(Materials provided)
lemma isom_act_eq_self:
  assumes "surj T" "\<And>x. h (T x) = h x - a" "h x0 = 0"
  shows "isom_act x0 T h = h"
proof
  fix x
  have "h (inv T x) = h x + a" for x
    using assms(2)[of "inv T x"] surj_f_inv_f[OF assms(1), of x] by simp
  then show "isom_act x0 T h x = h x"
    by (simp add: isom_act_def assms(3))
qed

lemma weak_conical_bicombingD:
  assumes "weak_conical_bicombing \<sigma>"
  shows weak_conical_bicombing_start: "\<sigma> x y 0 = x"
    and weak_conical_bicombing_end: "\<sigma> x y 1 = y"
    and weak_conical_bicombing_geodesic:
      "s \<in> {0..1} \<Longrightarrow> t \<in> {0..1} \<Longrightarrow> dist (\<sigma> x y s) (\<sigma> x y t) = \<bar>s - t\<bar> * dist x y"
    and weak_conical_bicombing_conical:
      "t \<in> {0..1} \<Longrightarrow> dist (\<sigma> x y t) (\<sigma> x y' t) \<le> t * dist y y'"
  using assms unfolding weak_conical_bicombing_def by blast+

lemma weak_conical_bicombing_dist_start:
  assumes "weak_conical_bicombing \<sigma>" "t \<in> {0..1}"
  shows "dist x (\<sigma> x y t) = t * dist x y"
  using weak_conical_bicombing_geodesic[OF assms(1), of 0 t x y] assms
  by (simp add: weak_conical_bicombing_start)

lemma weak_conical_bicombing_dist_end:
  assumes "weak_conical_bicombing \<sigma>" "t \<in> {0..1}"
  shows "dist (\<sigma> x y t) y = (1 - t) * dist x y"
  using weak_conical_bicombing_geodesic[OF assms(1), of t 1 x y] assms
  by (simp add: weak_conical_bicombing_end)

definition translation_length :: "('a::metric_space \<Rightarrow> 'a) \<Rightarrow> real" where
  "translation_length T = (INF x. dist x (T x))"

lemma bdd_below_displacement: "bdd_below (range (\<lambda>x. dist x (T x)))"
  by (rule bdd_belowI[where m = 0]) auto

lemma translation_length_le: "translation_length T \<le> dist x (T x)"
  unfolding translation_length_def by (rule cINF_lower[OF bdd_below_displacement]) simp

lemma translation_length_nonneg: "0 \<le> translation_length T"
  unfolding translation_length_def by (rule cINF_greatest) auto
(End Materials provided)
(Materials provided)
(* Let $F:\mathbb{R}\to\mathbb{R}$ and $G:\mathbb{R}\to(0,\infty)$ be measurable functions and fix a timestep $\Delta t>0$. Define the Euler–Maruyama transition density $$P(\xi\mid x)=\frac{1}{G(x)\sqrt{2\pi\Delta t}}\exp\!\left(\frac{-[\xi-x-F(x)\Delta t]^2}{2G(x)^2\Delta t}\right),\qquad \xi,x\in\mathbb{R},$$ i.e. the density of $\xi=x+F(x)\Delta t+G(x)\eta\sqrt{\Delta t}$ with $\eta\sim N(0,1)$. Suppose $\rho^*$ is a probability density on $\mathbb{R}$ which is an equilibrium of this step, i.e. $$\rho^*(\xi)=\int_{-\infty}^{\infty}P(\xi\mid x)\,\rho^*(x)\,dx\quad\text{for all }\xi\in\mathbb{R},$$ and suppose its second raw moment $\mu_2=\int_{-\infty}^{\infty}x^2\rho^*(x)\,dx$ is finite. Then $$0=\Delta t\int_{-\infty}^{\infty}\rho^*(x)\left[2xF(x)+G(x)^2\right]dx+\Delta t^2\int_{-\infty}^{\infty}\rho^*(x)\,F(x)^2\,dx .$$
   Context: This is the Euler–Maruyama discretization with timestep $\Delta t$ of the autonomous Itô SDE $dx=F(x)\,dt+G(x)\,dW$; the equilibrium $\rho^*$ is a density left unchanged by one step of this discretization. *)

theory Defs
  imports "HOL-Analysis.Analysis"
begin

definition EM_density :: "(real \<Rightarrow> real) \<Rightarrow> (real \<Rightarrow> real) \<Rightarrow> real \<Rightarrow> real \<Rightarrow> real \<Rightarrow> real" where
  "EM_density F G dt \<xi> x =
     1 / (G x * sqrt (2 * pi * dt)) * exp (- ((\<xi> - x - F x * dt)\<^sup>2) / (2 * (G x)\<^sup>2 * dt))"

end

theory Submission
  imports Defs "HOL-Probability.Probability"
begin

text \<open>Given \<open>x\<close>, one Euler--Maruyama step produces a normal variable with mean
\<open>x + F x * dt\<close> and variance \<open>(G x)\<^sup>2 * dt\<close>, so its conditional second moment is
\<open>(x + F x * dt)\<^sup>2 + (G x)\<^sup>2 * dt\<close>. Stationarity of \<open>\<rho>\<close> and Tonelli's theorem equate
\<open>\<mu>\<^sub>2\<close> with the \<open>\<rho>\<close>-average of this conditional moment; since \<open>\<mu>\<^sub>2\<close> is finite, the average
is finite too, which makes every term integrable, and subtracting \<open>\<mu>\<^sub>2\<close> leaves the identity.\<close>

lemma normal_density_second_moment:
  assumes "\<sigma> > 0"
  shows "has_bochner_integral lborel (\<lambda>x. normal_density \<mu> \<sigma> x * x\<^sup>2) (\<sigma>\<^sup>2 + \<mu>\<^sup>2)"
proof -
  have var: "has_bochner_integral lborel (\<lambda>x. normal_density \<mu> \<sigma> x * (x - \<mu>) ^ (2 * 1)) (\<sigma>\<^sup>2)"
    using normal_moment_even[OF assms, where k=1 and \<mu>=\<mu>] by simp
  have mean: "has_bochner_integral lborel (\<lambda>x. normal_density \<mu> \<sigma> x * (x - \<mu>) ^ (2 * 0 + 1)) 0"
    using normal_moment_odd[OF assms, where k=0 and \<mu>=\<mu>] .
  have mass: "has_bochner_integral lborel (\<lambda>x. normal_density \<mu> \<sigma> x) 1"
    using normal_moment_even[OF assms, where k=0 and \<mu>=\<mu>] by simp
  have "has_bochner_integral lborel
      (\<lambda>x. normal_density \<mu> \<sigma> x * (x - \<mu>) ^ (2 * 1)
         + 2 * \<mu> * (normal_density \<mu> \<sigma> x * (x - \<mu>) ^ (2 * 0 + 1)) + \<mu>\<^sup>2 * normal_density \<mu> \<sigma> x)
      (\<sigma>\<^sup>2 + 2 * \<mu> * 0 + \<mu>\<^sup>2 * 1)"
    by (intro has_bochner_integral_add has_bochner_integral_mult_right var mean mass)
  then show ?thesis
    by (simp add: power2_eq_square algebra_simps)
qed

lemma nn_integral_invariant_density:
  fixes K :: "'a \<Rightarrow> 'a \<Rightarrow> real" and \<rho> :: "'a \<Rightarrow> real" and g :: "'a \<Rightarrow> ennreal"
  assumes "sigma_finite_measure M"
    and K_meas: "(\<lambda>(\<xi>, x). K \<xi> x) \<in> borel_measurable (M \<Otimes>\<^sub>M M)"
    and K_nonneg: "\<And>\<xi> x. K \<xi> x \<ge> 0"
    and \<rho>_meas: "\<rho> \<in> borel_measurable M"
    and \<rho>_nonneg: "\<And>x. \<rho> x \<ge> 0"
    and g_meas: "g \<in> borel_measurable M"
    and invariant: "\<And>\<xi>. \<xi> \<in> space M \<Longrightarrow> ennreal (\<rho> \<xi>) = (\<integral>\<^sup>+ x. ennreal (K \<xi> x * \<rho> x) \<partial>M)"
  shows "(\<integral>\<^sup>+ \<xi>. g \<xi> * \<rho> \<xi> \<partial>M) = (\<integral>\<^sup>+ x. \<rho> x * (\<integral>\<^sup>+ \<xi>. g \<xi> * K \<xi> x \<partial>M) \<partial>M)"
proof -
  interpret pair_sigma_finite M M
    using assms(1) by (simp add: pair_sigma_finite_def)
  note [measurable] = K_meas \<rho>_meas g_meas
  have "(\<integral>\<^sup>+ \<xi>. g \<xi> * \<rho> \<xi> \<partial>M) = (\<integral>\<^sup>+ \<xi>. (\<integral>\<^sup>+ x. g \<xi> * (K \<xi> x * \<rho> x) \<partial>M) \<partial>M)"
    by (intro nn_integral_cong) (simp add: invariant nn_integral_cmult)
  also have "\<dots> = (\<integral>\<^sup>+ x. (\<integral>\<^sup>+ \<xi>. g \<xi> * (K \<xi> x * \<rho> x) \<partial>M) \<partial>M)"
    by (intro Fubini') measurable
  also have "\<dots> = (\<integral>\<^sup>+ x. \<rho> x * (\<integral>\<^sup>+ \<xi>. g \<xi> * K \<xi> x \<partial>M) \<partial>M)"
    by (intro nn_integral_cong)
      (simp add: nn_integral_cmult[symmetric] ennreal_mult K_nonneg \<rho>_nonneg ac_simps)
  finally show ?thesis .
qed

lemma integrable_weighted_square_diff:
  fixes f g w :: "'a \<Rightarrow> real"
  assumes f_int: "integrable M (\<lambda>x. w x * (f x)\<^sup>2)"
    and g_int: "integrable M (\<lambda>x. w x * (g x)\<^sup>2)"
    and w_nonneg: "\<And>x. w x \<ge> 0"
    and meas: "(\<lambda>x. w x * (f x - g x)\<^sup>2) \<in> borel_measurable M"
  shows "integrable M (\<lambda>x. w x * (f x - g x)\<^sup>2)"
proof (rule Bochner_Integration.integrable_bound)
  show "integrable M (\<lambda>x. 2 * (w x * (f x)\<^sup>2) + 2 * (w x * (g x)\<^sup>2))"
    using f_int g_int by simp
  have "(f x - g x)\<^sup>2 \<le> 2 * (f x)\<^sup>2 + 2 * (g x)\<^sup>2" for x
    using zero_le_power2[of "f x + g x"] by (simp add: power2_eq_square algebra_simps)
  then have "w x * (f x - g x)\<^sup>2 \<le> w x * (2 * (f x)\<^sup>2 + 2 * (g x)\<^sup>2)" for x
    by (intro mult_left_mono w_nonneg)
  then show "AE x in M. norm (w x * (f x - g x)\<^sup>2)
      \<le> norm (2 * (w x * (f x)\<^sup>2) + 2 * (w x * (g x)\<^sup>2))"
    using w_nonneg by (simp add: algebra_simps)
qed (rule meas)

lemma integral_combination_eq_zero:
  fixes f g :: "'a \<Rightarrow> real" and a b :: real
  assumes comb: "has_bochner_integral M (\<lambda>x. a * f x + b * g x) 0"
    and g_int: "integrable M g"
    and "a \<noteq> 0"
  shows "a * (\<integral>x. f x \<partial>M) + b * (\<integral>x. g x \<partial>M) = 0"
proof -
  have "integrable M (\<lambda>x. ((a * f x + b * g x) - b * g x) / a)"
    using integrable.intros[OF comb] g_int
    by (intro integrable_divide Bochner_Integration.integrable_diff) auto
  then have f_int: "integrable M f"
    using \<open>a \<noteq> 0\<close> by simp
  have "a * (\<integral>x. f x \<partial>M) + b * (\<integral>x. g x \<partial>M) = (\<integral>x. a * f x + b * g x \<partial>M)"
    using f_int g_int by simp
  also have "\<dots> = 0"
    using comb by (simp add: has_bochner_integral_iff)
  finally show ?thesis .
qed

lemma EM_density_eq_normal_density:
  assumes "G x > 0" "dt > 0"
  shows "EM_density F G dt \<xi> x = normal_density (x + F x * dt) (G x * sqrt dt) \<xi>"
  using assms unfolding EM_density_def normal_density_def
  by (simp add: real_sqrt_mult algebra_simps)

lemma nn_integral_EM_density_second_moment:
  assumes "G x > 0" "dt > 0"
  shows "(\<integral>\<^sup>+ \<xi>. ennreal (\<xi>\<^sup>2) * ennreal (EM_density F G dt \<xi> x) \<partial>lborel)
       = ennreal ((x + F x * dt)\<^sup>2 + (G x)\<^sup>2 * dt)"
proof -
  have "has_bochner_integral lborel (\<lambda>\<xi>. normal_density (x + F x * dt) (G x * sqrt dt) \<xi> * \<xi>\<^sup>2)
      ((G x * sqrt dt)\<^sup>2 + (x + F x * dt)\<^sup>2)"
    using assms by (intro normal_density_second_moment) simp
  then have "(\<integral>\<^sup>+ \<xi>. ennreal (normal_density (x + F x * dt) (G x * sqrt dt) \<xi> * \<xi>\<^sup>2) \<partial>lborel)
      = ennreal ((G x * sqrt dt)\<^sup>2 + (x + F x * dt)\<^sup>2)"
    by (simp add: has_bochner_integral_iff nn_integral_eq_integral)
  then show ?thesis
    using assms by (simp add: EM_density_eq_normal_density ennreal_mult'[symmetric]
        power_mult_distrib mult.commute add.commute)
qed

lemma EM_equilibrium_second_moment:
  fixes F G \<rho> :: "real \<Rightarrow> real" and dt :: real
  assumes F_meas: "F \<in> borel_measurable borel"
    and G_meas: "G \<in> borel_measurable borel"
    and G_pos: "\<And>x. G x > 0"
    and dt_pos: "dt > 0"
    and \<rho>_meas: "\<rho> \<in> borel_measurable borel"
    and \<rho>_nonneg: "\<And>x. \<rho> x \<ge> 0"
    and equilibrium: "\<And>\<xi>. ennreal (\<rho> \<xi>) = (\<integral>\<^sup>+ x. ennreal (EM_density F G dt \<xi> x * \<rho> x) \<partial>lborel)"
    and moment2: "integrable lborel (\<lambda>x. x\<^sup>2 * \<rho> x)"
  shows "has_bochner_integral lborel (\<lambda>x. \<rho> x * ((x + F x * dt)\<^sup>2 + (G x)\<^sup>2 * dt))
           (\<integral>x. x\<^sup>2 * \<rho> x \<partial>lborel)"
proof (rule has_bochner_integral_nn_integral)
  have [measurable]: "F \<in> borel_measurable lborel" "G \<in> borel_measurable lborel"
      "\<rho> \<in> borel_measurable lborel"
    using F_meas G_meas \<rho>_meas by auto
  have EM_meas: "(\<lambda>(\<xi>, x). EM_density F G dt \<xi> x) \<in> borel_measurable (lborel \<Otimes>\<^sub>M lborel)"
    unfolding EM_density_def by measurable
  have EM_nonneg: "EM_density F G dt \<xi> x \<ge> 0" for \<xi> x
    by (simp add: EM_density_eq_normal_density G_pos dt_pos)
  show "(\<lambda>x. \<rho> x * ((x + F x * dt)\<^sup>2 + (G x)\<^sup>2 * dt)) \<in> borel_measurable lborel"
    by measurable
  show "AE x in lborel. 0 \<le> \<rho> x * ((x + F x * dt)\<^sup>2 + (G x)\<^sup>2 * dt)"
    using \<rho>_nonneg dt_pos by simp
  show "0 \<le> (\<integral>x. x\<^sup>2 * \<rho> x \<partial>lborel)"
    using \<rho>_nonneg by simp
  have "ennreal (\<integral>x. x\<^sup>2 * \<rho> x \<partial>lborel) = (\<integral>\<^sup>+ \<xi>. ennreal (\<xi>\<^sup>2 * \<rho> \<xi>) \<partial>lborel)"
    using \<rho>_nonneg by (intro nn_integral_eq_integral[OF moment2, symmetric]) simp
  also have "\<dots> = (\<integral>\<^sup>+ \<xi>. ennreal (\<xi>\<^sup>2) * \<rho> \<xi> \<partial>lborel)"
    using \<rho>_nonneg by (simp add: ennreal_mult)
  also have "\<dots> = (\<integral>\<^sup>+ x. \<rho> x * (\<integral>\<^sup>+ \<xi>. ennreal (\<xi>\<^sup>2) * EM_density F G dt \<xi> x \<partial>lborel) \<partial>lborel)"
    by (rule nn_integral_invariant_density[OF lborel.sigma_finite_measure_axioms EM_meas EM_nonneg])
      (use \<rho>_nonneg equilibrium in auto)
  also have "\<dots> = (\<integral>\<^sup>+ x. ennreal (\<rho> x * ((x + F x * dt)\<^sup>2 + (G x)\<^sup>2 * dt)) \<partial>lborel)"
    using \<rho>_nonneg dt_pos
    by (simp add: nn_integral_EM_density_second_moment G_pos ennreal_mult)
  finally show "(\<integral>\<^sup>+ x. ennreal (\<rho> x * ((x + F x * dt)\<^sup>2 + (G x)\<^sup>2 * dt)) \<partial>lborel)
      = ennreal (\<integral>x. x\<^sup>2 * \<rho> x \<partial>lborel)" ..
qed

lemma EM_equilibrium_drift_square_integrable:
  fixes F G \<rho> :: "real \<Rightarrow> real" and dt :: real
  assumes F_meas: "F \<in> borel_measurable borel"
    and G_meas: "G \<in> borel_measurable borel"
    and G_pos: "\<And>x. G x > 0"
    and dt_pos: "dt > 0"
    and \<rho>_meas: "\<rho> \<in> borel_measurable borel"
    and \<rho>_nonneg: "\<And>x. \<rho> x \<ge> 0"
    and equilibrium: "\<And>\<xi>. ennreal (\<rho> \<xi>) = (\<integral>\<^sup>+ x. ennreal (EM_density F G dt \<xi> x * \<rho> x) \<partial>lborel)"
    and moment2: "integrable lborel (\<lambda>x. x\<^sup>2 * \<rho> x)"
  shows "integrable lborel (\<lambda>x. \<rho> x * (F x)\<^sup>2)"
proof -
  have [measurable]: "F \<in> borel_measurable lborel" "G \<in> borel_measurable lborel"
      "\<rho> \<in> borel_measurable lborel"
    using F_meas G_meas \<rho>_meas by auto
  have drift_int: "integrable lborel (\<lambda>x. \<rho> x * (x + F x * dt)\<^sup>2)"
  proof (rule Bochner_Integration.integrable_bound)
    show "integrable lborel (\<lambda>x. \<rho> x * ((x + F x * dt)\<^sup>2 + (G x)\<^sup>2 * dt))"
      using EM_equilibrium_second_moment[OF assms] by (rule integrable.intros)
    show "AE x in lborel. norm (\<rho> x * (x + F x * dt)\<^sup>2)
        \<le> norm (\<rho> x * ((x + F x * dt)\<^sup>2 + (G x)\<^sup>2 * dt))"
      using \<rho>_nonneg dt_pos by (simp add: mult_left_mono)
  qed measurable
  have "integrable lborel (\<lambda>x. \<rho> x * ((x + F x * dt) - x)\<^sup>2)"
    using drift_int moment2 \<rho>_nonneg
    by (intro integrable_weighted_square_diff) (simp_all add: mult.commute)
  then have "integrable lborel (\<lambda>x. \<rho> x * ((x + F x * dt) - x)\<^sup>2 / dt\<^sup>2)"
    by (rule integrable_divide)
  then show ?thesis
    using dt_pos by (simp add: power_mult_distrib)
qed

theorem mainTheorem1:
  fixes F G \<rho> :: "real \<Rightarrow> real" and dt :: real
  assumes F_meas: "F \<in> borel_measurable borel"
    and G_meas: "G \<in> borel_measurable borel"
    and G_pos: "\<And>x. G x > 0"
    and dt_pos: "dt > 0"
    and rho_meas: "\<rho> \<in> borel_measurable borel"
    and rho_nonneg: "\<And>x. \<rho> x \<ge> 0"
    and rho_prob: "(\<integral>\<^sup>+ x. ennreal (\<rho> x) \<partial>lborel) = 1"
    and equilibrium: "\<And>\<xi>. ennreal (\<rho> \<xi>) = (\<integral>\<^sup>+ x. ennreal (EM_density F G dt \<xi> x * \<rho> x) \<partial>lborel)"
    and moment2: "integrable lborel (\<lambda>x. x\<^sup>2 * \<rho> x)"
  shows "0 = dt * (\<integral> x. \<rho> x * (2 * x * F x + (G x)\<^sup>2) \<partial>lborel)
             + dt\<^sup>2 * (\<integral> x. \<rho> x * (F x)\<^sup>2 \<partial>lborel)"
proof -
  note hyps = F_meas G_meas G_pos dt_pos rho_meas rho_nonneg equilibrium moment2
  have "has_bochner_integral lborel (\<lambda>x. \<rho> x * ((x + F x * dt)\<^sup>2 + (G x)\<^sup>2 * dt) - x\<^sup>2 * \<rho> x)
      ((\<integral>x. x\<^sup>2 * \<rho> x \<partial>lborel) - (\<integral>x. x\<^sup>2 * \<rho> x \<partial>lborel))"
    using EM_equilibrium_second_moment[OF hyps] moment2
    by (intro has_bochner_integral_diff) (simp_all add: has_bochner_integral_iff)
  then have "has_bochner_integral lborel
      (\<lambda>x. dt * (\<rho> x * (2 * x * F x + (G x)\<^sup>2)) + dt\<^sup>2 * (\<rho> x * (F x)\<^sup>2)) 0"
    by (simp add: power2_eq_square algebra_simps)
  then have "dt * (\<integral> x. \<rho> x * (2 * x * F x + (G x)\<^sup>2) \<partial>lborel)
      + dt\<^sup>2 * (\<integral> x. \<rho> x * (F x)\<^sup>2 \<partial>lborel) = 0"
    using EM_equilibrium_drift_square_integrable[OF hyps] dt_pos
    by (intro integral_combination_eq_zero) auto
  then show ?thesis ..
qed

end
(End Materials provided)
== How to complete this task ==
Transcribe each line of the data above, unaltered, from the one where "theory Defs" appears to the one where "second moment is" appears, inclusive of both.

== Solution below ==
theory Defs
  imports "HOL-Analysis.Analysis"
begin

definition EM_density :: "(real \<Rightarrow> real) \<Rightarrow> (real \<Rightarrow> real) \<Rightarrow> real \<Rightarrow> real \<Rightarrow> real \<Rightarrow> real" where
  "EM_density F G dt \<xi> x =
     1 / (G x * sqrt (2 * pi * dt)) * exp (- ((\<xi> - x - F x * dt)\<^sup>2) / (2 * (G x)\<^sup>2 * dt))"

end

theory Submission
  imports Defs "HOL-Probability.Probability"
begin

text \<open>Given \<open>x\<close>, one Euler--Maruyama step produces a normal variable with mean
\<open>x + F x * dt\<close> and variance \<open>(G x)\<^sup>2 * dt\<close>, so its conditional second moment is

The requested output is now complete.